DIRECTIONS: Only lines containing the string "close" belong in the answer; copy all of them from the entries.

DATA PROVIDED:
(* Let $(R,\mathfrak{m})$ be an almost setup. For every $t\in\mathbb{N}$ let $$C_t\colon\ 0\to M_{t,1}\xrightarrow{\varphi_t}M_{t,2}\xrightarrow{\psi_t}M_{t,3}$$ be a complex of $R$-modules, and for $t\ge1$ and $i=1,2,3$ let $\omega_t\colon M_{t,i}\to M_{t-1,i}$ be $R$-linear maps such that all resulting squares commute. If every $C_t$ is almost exact, then the inverse limit complex $\varprojlim_{t\in\mathbb{N}}C_t$ is almost exact as well.
   Context: An almost setup is a pair $(R,\mathfrak{m})$ of a commutative ring $R$ and an ideal $\mathfrak{m}$ with $\mathfrak{m}^2=\mathfrak{m}$ and $\mathfrak{m}\otimes_R\mathfrak{m}$ flat over $R$. An $R$-module $N$ is almost zero if $\mathfrak{m}N=0$. A complex of $R$-modules is almost exact if its cohomology modules are almost zero (equivalently, it becomes exact in the quotient category of almost $R$-modules). *)

theory Defs
  imports Complex_Main "HOL-Library.Function_Algebras"
begin

(* The ring R is the type 'a :: comm_ring_1 (R = UNIV).  R-modules are
   R-submodules M \<subseteq> 'b of an ambient R-module ('b, scale) *)

definition is_ideal :: "'a::comm_ring_1 set \<Rightarrow> bool" where
  "is_ideal I \<longleftrightarrow> module.subspace ((*) :: 'a \<Rightarrow> 'a \<Rightarrow> 'a) I"

definition ideal_prod :: "'a::comm_ring_1 set \<Rightarrow> 'a set \<Rightarrow> 'a set" where
  "ideal_prod I J = module.span ((*) :: 'a \<Rightarrow> 'a \<Rightarrow> 'a) {x * y | x y. x \<in> I \<and> y \<in> J}"

definition fscale :: "'a::comm_ring_1 \<Rightarrow> ('a \<times> 'a \<Rightarrow> 'a) \<Rightarrow> ('a \<times> 'a \<Rightarrow> 'a)" where
  "fscale r f = (\<lambda>p. r * f p)"

definition delta :: "'a \<times> 'a \<Rightarrow> ('a \<times> 'a \<Rightarrow> 'a::comm_ring_1)" where
  "delta p = (\<lambda>q. if q = p then 1 else 0)"

definition free_pairs :: "'a::comm_ring_1 set \<Rightarrow> ('a \<times> 'a \<Rightarrow> 'a) set" where
  "free_pairs I = {f. finite {p. f p \<noteq> 0} \<and> {p. f p \<noteq> 0} \<subseteq> I \<times> I}"

definition bilin_rels :: "'a::comm_ring_1 set \<Rightarrow> ('a \<times> 'a \<Rightarrow> 'a) set" where
  "bilin_rels I =
     {delta (x + x', y) - delta (x, y) - delta (x', y) | x x' y. x \<in> I \<and> x' \<in> I \<and> y \<in> I}
   \<union> {delta (x, y + y') - delta (x, y) - delta (x, y') | x y y'. x \<in> I \<and> y \<in> I \<and> y' \<in> I}
   \<union> {delta (r * x, y) - fscale r (delta (x, y)) | r x y. x \<in> I \<and> y \<in> I}
   \<union> {delta (x, r * y) - fscale r (delta (x, y)) | r x y. x \<in> I \<and> y \<in> I}"

(* the submodule of relations; I \<otimes>_R I = free_pairs I / tensor_rels I *)
definition tensor_rels :: "'a::comm_ring_1 set \<Rightarrow> ('a \<times> 'a \<Rightarrow> 'a) set" where
  "tensor_rels I = module.span fscale (bilin_rels I)"

(* flatness of I \<otimes>_R I, via the equational criterion of flatness:
   every relation \<Sum> a_i x_i = 0 in the module is trivial, i.e. there are
   y_j and b_ij with x_i = \<Sum>_j b_ij y_j and \<Sum>_i a_i b_ij = 0 for all j.
   Elements of the quotient are represented by elements of free_pairs I,
   equality in the quotient is congruence modulo tensor_rels I. *)
definition tensor_square_flat :: "'a::comm_ring_1 set \<Rightarrow> bool" where
  "tensor_square_flat I \<longleftrightarrow>
     (\<forall>n (a :: nat \<Rightarrow> 'a) x.
        (\<forall>i<n. x i \<in> free_pairs I) \<longrightarrow>
        (\<Sum>i<n. fscale (a i) (x i)) \<in> tensor_rels I \<longrightarrow>
        (\<exists>k (b :: nat \<Rightarrow> nat \<Rightarrow> 'a) y.
            (\<forall>j<k. y j \<in> free_pairs I) \<and>
            (\<forall>i<n. x i - (\<Sum>j<k. fscale (b i j) (y j)) \<in> tensor_rels I) \<and>
            (\<forall>j<k. (\<Sum>i<n. a i * b i j) = 0)))"

definition almost_setup :: "'a::comm_ring_1 set \<Rightarrow> bool" where
  "almost_setup m \<longleftrightarrow> is_ideal m \<and> ideal_prod m m = m \<and> tensor_square_flat m"

definition lin_on ::
  "('a::comm_ring_1 \<Rightarrow> 'b::ab_group_add \<Rightarrow> 'b) \<Rightarrow> ('a \<Rightarrow> 'c::ab_group_add \<Rightarrow> 'c)
   \<Rightarrow> 'b set \<Rightarrow> 'c set \<Rightarrow> ('b \<Rightarrow> 'c) \<Rightarrow> bool" where
  "lin_on s1 s2 A B f \<longleftrightarrow>
     (\<forall>x\<in>A. f x \<in> B) \<and> (\<forall>x\<in>A. \<forall>y\<in>A. f (x + y) = f x + f y) \<and>
     (\<forall>r. \<forall>x\<in>A. f (s1 r x) = s2 r (f x))"

definition complex3 ::
  "('a::comm_ring_1 \<Rightarrow> 'b::ab_group_add \<Rightarrow> 'b) \<Rightarrow> ('a \<Rightarrow> 'c::ab_group_add \<Rightarrow> 'c)
   \<Rightarrow> ('a \<Rightarrow> 'd::ab_group_add \<Rightarrow> 'd) \<Rightarrow> 'b set \<Rightarrow> 'c set \<Rightarrow> 'd set
   \<Rightarrow> ('b \<Rightarrow> 'c) \<Rightarrow> ('c \<Rightarrow> 'd) \<Rightarrow> bool" where
  "complex3 s1 s2 s3 A B C f g \<longleftrightarrow>
     module s1 \<and> module s2 \<and> module s3 \<and>
     module.subspace s1 A \<and> module.subspace s2 B \<and> module.subspace s3 C \<and>
     lin_on s1 s2 A B f \<and> lin_on s2 s3 B C g \<and> (\<forall>x\<in>A. g (f x) = 0)"

(* 0 \<rightarrow> A \<rightarrow> B \<rightarrow> C is almost exact: the cohomology modules
   H^0 = ker f and H^1 = ker g / im f are killed by m *)
definition almost_exact3 ::
  "'a::comm_ring_1 set \<Rightarrow> ('a \<Rightarrow> 'b::ab_group_add \<Rightarrow> 'b) \<Rightarrow> ('a \<Rightarrow> 'c::ab_group_add \<Rightarrow> 'c)
   \<Rightarrow> 'b set \<Rightarrow> 'c set \<Rightarrow> ('b \<Rightarrow> 'c) \<Rightarrow> ('c \<Rightarrow> 'd::ab_group_add) \<Rightarrow> bool" where
  "almost_exact3 m s1 s2 A B f g \<longleftrightarrow>
     (\<forall>x\<in>A. f x = 0 \<longrightarrow> (\<forall>r\<in>m. s1 r x = 0)) \<and>
     (\<forall>y\<in>B. g y = 0 \<longrightarrow> (\<forall>r\<in>m. \<exists>x\<in>A. f x = s2 r y))"

definition inv_lim :: "(nat \<Rightarrow> 'b set) \<Rightarrow> (nat \<Rightarrow> 'b \<Rightarrow> 'b) \<Rightarrow> (nat \<Rightarrow> 'b) set" where
  "inv_lim M \<omega> = {x. (\<forall>t. x t \<in> M t) \<and> (\<forall>t. \<omega> (Suc t) (x (Suc t)) = x t)}"

definition lim_scale :: "('a \<Rightarrow> 'b \<Rightarrow> 'b) \<Rightarrow> 'a \<Rightarrow> (nat \<Rightarrow> 'b) \<Rightarrow> (nat \<Rightarrow> 'b)" where
  "lim_scale s r x = (\<lambda>t. s r (x t))"

definition lim_map :: "(nat \<Rightarrow> 'b \<Rightarrow> 'c) \<Rightarrow> (nat \<Rightarrow> 'b) \<Rightarrow> (nat \<Rightarrow> 'c)" where
  "lim_map f x = (\<lambda>t. f t (x t))"

end

theory Submission
  imports Defs
begin

text \<open>The kernel of the limit map is killed by \<open>m\<close> degreewise. For the cokernel, take a compatible
  cycle \<open>y\<close> and \<open>p, q \<in> m\<close>: choose preimages \<open>x\<^sub>t\<close> of \<open>p y\<^sub>t\<close> independently in each degree. They
  need not be compatible, but their defects lie in \<open>ker \<phi>\<^sub>t\<close>, which \<open>q\<close> kills, so \<open>(q x\<^sub>t)\<^sub>t\<close> is a
  compatible preimage of \<open>pq y\<close>. The scalars \<open>r\<close> for which \<open>r y\<close> lifts form an ideal, which therefore
  contains \<open>m\<^sup>2 = m\<close>.\<close>

lemma module_times: "module ((*) :: 'a::comm_ring_1 \<Rightarrow> 'a \<Rightarrow> 'a)"
  by unfold_locales (simp_all add: algebra_simps)

lemma ideal_prod_subset:
  assumes "is_ideal J" and "\<And>p q. p \<in> I \<Longrightarrow> q \<in> I' \<Longrightarrow> p * q \<in> J"
  shows "ideal_prod I I' \<subseteq> J"
  unfolding ideal_prod_def
  by (rule module.span_minimal[OF module_times]) (use assms in \<open>auto simp: is_ideal_def\<close>)

lemma lin_on_zero:
  assumes "lin_on s1 s2 A B f" and "0 \<in> A"
  shows "f 0 = 0"
proof -
  have "f (0 + 0) = f 0 + f 0"
    using assms unfolding lin_on_def by blast
  then show ?thesis by simp
qed

lemma lin_on_diff:
  assumes "module s1" "module.subspace s1 A" "lin_on s1 s2 A B f" "a \<in> A" "b \<in> A"
  shows "f (a - b) = f a - f b"
proof -
  have "a - b \<in> A" using module.subspace_diff assms(1,2,4,5) .
  then have "f (b + (a - b)) = f b + f (a - b)"
    using assms unfolding lin_on_def by blast
  then show ?thesis by (simp add: algebra_simps)
qed

lemma module_lim_scale:
  assumes "module s"
  shows "module (lim_scale s)"
  using assms unfolding module_def lim_scale_def
  by (simp add: fun_eq_iff)

lemma subspace_inv_lim:
  assumes s: "module s"
    and M: "\<And>t. module.subspace s (M t)"
    and \<omega>: "\<And>t. lin_on s s (M (Suc t)) (M t) (\<omega> (Suc t))"
  shows "module.subspace (lim_scale s) (inv_lim M \<omega>)"
proof (rule module.subspaceI[OF module_lim_scale[OF s]])
  have "\<omega> (Suc t) 0 = 0" for t
    using lin_on_zero[OF \<omega>] module.subspace_0[OF s M] .
  then show "0 \<in> inv_lim M \<omega>"
    using module.subspace_0[OF s M] unfolding inv_lim_def by simp
next
  fix x y assume "x \<in> inv_lim M \<omega>" "y \<in> inv_lim M \<omega>"
  then show "x + y \<in> inv_lim M \<omega>"
    using module.subspace_add[OF s M] \<omega> unfolding inv_lim_def lin_on_def by simp
next
  fix c x assume "x \<in> inv_lim M \<omega>"
  then show "lim_scale s c x \<in> inv_lim M \<omega>"
    using module.subspace_scale[OF s M] \<omega> unfolding inv_lim_def lin_on_def lim_scale_def by simp
qed

lemma lin_on_lim_map:
  assumes f: "\<And>t. lin_on s1 s2 (M t) (N t) (f t)"
    and \<alpha>: "\<And>t. lin_on s1 s1 (M (Suc t)) (M t) (\<alpha> (Suc t))"
    and comm: "\<And>t x. x \<in> M (Suc t) \<Longrightarrow> f t (\<alpha> (Suc t) x) = \<beta> (Suc t) (f (Suc t) x)"
  shows "lin_on (lim_scale s1) (lim_scale s2) (inv_lim M \<alpha>) (inv_lim N \<beta>) (lim_map f)"
  unfolding lin_on_def
proof (intro conjI ballI allI)
  fix x assume x: "x \<in> inv_lim M \<alpha>"
  have "\<beta> (Suc t) (f (Suc t) (x (Suc t))) = f t (x t)" for t
    using x comm[of "x (Suc t)" t] unfolding inv_lim_def by simp
  then show "lim_map f x \<in> inv_lim N \<beta>"
    using x f unfolding inv_lim_def lim_map_def lin_on_def by simp
next
  fix x y assume "x \<in> inv_lim M \<alpha>" "y \<in> inv_lim M \<alpha>"
  then show "lim_map f (x + y) = lim_map f x + lim_map f y"
    using f unfolding inv_lim_def lim_map_def lin_on_def by (simp add: fun_eq_iff)
next
  fix r x assume "x \<in> inv_lim M \<alpha>"
  then show "lim_map f (lim_scale s1 r x) = lim_scale s2 r (lim_map f x)"
    using f unfolding inv_lim_def lim_map_def lim_scale_def lin_on_def by simp
qed

lemma is_ideal_liftable_scalars:
  assumes s1: "module s1" and s2: "module s2" and A: "module.subspace s1 A"
    and f: "lin_on s1 s2 A B f"
  shows "is_ideal {r. \<exists>x\<in>A. f x = s2 r y}"
  unfolding is_ideal_def
proof (rule module.subspaceI[OF module_times])
  show "0 \<in> {r. \<exists>x\<in>A. f x = s2 r y}"
    using module.subspace_0[OF s1 A] lin_on_zero[OF f] module.scale_zero_left[OF s2] by auto
next
  fix a b assume "a \<in> {r. \<exists>x\<in>A. f x = s2 r y}" "b \<in> {r. \<exists>x\<in>A. f x = s2 r y}"
  then obtain u v where "u \<in> A" "f u = s2 a y" "v \<in> A" "f v = s2 b y" by blast
  then have "u + v \<in> A" "f (u + v) = s2 (a + b) y"
    using module.subspace_add[OF s1 A] f module.scale_left_distrib[OF s2]
    unfolding lin_on_def by auto
  then show "a + b \<in> {r. \<exists>x\<in>A. f x = s2 r y}" by blast
next
  fix c a assume "a \<in> {r. \<exists>x\<in>A. f x = s2 r y}"
  then obtain u where "u \<in> A" "f u = s2 a y" by blast
  then have "s1 c u \<in> A" "f (s1 c u) = s2 (c * a) y"
    using module.subspace_scale[OF s1 A] f module.scale_scale[OF s2]
    unfolding lin_on_def by auto
  then show "c * a \<in> {r. \<exists>x\<in>A. f x = s2 r y}" by blast
qed

lemma almost_exact3_scale_eq:
  assumes ae: "almost_exact3 m s1 s2 A B f g"
    and s1: "module s1" and A: "module.subspace s1 A" and f: "lin_on s1 s2 A B f"
    and "a \<in> A" "b \<in> A" "f a = f b" "q \<in> m"
  shows "s1 q a = s1 q b"
proof -
  have "a - b \<in> A" "f (a - b) = 0"
    using module.subspace_diff[OF s1 A] lin_on_diff[OF s1 A f] assms(5-7) by auto
  then have "s1 q (a - b) = 0"
    using ae \<open>q \<in> m\<close> unfolding almost_exact3_def by blast
  then show ?thesis
    using module.scale_right_diff_distrib[OF s1] by simp
qed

ANSWER BOX:
text \<open>The kernel of the limit map is killed by \<open>m\<close> degreewise. For the cokernel, take a compatible
  cycle \<open>y\<close> and \<open>p, q \<in> m\<close>: choose preimages \<open>x\<^sub>t\<close> of \<open>p y\<^sub>t\<close> independently in each degree. They
  need not be compatible, but their defects lie in \<open>ker \<phi>\<^sub>t\<close>, which \<open>q\<close> kills, so \<open>(q x\<^sub>t)\<^sub>t\<close> is a
  compatible preimage of \<open>pq y\<close>. The scalars \<open>r\<close> for which \<open>r y\<close> lifts form an ideal, which therefore
  contains \<open>m\<^sup>2 = m\<close>.\<close>
  by (rule module.span_minimal[OF module_times]) (use assms in \<open>auto simp: is_ideal_def\<close>)
    using ae \<open>q \<in> m\<close> unfolding almost_exact3_def by blast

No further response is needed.